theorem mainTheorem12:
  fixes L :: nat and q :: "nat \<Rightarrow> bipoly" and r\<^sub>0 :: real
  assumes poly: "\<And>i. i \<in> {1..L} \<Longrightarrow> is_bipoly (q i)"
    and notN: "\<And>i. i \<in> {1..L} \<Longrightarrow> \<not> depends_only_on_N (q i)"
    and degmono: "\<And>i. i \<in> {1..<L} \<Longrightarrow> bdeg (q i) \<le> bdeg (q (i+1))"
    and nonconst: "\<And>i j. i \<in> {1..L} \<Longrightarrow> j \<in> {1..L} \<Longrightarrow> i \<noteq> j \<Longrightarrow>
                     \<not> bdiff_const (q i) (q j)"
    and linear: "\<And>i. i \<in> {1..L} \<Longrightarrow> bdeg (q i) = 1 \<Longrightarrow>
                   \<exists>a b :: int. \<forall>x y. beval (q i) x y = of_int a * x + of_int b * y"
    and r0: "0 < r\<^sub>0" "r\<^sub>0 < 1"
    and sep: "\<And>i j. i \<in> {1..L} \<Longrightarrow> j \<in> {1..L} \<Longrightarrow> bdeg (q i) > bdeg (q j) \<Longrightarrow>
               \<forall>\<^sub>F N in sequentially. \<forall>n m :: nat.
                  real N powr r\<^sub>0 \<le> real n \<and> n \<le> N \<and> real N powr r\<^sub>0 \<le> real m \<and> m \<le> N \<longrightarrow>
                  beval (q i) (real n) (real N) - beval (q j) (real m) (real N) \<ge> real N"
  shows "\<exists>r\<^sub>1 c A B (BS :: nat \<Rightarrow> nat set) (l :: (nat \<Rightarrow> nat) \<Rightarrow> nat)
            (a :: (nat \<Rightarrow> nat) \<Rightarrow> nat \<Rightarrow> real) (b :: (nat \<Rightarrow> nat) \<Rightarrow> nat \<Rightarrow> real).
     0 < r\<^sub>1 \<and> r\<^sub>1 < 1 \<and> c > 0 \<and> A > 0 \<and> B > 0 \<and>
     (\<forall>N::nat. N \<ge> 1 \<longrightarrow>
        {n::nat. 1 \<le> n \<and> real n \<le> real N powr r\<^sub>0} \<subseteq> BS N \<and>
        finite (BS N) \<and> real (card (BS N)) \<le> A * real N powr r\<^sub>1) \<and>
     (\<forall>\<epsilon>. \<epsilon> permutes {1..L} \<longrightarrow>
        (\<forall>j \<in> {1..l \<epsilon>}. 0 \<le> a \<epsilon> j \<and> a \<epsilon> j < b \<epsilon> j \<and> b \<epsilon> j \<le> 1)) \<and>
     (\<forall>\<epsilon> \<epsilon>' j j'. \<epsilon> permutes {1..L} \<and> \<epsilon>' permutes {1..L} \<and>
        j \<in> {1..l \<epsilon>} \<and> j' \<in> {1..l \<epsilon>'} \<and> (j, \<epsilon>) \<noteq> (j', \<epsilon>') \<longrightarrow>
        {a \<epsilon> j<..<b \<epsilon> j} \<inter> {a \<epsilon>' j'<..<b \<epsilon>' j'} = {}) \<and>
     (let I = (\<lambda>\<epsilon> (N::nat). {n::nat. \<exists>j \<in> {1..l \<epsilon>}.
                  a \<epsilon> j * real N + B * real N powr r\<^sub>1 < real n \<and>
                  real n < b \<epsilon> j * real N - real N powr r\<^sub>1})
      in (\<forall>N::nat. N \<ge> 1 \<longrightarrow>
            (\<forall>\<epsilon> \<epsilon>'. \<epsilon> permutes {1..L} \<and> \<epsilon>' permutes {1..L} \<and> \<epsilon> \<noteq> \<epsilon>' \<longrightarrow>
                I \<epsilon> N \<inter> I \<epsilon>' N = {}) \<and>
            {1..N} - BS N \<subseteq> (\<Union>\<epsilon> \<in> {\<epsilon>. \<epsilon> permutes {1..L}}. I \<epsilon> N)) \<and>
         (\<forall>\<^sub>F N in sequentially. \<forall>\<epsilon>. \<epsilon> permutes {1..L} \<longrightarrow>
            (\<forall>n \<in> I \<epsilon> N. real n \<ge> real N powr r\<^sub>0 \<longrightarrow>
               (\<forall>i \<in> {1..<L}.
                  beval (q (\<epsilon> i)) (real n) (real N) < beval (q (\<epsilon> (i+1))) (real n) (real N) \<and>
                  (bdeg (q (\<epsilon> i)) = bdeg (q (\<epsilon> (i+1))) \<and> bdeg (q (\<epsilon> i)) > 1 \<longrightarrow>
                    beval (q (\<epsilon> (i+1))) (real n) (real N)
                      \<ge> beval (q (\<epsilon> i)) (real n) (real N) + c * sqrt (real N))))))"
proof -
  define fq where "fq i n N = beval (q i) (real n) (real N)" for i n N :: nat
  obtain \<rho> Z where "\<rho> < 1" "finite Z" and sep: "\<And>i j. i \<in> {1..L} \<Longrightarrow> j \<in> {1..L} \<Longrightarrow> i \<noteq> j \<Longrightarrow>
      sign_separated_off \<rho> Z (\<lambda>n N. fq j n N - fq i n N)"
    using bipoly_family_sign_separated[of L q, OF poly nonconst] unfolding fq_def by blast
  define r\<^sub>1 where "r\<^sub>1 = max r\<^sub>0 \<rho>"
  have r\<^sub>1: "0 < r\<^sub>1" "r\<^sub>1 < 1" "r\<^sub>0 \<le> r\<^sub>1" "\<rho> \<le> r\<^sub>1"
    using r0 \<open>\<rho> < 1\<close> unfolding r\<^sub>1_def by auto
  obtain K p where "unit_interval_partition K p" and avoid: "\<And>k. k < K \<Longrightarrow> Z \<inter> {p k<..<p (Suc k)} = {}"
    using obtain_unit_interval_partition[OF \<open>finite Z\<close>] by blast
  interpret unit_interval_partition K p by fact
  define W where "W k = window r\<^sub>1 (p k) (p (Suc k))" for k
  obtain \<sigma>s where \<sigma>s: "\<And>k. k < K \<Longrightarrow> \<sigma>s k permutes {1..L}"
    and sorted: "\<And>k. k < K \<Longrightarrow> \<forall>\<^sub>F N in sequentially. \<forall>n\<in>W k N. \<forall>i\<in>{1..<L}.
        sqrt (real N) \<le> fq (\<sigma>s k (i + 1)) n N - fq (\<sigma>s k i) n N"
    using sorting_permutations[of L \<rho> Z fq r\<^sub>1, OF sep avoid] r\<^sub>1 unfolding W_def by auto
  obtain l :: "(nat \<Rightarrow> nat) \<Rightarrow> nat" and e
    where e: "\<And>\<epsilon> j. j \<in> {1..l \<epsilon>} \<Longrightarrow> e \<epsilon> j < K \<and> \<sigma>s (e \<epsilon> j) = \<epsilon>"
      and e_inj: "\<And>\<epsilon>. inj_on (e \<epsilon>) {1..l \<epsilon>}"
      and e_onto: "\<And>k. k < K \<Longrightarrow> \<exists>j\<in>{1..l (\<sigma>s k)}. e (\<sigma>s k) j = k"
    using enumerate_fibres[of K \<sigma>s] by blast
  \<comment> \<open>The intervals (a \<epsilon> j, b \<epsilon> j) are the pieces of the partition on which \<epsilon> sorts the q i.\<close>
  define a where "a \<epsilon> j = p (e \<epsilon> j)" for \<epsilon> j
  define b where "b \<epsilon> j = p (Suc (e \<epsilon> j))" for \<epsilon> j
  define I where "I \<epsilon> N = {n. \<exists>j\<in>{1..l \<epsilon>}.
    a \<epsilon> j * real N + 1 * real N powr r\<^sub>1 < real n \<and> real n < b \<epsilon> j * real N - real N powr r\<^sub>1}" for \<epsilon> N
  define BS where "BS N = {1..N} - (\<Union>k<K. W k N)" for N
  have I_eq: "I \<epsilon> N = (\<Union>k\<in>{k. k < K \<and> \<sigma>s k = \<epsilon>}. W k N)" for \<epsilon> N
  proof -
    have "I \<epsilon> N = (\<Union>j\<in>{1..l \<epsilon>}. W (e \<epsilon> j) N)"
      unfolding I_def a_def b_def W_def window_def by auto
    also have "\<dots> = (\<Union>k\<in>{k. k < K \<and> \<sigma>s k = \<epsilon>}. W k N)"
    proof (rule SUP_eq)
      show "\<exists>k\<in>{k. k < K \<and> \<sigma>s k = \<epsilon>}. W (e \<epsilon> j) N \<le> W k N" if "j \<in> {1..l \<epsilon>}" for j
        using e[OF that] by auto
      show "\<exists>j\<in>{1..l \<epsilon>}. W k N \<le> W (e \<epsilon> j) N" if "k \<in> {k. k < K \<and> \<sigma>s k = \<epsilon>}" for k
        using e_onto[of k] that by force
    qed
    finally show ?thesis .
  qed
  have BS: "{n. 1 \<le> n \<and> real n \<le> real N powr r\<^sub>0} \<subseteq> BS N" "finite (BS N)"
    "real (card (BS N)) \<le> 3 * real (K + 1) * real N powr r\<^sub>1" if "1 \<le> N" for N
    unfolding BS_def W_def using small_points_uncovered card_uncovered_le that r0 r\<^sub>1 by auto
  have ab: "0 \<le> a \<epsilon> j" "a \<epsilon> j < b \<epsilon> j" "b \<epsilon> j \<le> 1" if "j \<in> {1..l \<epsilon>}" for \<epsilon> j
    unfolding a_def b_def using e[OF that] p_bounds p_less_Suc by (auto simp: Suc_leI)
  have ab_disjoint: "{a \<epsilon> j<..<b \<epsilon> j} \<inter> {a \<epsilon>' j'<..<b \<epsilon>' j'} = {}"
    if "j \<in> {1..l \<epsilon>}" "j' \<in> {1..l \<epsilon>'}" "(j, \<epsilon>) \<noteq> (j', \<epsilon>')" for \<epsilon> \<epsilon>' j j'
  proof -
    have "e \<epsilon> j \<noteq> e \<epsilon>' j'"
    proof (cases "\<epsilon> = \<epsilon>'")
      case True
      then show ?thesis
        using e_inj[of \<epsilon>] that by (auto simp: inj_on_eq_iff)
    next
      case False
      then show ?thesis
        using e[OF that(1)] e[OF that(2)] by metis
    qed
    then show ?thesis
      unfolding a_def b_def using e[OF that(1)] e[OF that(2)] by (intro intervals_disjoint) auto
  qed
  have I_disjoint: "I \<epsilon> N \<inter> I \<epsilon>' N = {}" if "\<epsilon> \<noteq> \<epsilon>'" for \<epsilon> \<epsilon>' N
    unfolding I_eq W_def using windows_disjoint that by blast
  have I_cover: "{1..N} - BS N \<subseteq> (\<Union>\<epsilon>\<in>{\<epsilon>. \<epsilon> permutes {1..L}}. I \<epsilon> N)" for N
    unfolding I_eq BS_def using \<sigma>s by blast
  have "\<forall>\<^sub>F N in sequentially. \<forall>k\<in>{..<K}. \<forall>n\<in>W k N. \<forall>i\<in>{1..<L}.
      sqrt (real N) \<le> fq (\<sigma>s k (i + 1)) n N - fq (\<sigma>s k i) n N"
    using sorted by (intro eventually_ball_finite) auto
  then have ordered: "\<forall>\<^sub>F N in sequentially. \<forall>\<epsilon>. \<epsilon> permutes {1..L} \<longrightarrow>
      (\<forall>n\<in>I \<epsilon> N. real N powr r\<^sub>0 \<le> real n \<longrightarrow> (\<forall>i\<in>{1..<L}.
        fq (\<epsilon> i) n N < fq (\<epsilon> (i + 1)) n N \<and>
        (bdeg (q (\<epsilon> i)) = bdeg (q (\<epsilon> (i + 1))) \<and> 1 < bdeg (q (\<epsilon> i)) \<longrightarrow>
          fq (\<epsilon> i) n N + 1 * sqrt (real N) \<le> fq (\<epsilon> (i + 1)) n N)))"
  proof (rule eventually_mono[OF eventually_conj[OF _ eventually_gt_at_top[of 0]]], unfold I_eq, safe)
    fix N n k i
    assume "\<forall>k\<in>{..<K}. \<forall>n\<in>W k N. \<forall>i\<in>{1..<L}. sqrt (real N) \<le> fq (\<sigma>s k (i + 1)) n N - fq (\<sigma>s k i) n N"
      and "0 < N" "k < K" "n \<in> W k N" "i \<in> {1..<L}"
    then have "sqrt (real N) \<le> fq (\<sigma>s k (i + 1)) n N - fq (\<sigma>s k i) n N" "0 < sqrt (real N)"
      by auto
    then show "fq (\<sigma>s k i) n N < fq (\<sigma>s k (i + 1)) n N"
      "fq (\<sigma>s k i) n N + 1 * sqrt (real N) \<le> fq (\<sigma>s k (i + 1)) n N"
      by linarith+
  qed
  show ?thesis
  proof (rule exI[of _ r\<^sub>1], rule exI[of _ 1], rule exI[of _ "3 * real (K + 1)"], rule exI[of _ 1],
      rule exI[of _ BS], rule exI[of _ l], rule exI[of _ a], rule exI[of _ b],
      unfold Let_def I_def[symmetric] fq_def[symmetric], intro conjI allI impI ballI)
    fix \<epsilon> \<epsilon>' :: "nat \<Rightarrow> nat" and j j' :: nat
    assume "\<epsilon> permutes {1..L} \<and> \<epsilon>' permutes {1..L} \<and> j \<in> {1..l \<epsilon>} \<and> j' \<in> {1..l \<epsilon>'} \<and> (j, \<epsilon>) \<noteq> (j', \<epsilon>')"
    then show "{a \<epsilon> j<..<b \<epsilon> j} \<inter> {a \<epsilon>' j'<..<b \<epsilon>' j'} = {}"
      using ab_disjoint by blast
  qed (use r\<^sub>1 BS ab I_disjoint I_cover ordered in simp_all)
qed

==

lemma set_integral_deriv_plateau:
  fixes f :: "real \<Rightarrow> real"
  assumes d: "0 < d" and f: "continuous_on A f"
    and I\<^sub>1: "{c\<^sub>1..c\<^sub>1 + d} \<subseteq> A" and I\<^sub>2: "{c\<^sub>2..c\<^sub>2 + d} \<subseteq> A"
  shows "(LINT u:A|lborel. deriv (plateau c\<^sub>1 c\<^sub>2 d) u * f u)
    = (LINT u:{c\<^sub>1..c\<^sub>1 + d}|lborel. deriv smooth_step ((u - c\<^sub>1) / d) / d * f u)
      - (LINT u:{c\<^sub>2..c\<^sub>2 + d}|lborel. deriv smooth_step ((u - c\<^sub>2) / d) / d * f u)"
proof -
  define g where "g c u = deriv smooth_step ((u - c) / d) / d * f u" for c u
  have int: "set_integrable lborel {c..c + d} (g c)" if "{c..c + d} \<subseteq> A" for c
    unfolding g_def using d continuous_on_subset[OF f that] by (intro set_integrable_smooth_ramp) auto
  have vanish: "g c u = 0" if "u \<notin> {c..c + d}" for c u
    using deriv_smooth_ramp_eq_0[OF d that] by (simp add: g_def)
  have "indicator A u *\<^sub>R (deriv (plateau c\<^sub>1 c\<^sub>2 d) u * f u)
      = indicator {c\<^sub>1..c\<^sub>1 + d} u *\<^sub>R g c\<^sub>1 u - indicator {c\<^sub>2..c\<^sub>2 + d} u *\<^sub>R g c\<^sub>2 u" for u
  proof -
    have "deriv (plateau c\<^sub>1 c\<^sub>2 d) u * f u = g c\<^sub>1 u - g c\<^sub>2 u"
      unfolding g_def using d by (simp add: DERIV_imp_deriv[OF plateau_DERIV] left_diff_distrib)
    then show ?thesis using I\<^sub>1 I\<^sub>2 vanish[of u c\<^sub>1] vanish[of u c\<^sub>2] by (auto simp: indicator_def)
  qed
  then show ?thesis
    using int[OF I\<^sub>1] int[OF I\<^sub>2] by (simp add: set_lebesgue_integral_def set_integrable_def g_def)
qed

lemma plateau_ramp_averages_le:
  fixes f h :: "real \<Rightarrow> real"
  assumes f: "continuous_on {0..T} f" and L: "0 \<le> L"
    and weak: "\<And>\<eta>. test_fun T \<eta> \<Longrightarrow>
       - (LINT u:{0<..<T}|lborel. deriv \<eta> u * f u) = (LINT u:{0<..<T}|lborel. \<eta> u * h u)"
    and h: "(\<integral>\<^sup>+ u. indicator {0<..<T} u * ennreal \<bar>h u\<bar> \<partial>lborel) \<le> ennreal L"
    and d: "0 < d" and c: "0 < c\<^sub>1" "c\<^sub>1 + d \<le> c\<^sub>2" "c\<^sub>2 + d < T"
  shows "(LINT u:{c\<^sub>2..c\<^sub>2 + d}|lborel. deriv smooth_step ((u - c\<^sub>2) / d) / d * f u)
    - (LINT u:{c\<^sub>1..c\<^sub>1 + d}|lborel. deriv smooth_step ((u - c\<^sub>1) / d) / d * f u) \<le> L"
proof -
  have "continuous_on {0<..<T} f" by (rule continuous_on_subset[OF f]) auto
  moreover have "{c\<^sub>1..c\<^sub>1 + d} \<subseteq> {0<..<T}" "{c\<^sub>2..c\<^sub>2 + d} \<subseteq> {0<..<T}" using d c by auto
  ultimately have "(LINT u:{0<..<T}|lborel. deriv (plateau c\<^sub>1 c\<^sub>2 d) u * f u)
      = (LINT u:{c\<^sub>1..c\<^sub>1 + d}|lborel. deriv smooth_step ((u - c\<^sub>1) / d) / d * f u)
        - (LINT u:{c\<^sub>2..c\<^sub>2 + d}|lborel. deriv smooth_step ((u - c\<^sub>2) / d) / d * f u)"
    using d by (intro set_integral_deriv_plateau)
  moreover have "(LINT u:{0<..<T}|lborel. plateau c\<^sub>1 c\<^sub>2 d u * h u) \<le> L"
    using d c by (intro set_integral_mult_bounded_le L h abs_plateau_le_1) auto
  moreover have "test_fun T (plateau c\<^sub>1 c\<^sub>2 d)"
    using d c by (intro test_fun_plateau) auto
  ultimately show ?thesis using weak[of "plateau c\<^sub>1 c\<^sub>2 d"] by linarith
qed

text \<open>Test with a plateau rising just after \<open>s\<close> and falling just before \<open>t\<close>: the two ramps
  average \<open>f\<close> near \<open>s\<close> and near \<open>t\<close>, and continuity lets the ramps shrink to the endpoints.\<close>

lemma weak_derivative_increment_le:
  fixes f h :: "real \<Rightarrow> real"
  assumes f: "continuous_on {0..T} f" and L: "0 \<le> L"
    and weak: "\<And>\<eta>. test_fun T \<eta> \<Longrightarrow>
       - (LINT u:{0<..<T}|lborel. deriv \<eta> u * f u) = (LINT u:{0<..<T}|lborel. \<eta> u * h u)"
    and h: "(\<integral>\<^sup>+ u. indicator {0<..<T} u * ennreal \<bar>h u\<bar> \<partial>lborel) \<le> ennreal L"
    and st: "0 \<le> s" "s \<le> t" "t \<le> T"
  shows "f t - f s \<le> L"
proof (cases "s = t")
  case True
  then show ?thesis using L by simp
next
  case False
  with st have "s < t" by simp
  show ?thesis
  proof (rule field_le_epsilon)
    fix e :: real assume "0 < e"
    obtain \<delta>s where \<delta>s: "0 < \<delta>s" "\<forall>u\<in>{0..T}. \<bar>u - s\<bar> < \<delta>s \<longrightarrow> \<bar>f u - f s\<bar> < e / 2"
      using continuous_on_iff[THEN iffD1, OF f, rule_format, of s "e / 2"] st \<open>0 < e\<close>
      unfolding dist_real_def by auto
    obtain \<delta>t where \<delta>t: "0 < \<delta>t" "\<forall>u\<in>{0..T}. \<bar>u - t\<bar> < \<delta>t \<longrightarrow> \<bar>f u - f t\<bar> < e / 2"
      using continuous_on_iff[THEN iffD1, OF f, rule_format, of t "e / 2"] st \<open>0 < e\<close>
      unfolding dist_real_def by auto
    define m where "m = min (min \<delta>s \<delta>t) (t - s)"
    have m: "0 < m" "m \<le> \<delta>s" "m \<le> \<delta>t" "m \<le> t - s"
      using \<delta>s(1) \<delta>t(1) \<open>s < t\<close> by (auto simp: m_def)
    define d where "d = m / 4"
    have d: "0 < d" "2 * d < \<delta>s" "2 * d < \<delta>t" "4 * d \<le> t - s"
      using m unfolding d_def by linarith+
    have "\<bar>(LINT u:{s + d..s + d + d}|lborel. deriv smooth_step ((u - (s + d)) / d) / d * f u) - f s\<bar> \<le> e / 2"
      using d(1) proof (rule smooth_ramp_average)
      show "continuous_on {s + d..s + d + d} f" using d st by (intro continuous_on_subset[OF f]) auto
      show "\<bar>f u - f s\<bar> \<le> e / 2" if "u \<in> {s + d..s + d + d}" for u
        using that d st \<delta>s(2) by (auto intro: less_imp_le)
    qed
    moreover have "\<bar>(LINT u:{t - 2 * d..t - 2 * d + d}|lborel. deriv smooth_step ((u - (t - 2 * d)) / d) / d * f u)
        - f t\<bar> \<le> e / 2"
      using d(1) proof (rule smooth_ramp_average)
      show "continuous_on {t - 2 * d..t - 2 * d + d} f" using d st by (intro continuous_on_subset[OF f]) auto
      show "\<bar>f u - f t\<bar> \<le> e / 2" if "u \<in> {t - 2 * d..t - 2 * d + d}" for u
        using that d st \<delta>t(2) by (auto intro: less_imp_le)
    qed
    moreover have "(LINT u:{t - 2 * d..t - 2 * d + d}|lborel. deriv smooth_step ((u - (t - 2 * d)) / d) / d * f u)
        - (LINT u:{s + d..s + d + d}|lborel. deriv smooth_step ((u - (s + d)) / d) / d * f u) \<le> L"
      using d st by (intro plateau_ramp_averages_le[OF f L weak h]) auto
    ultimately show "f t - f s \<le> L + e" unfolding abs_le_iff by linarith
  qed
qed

■ Work request:
Across all lines above, count those with the string "ultimately". Only the number is wanted.

■ Output below:
3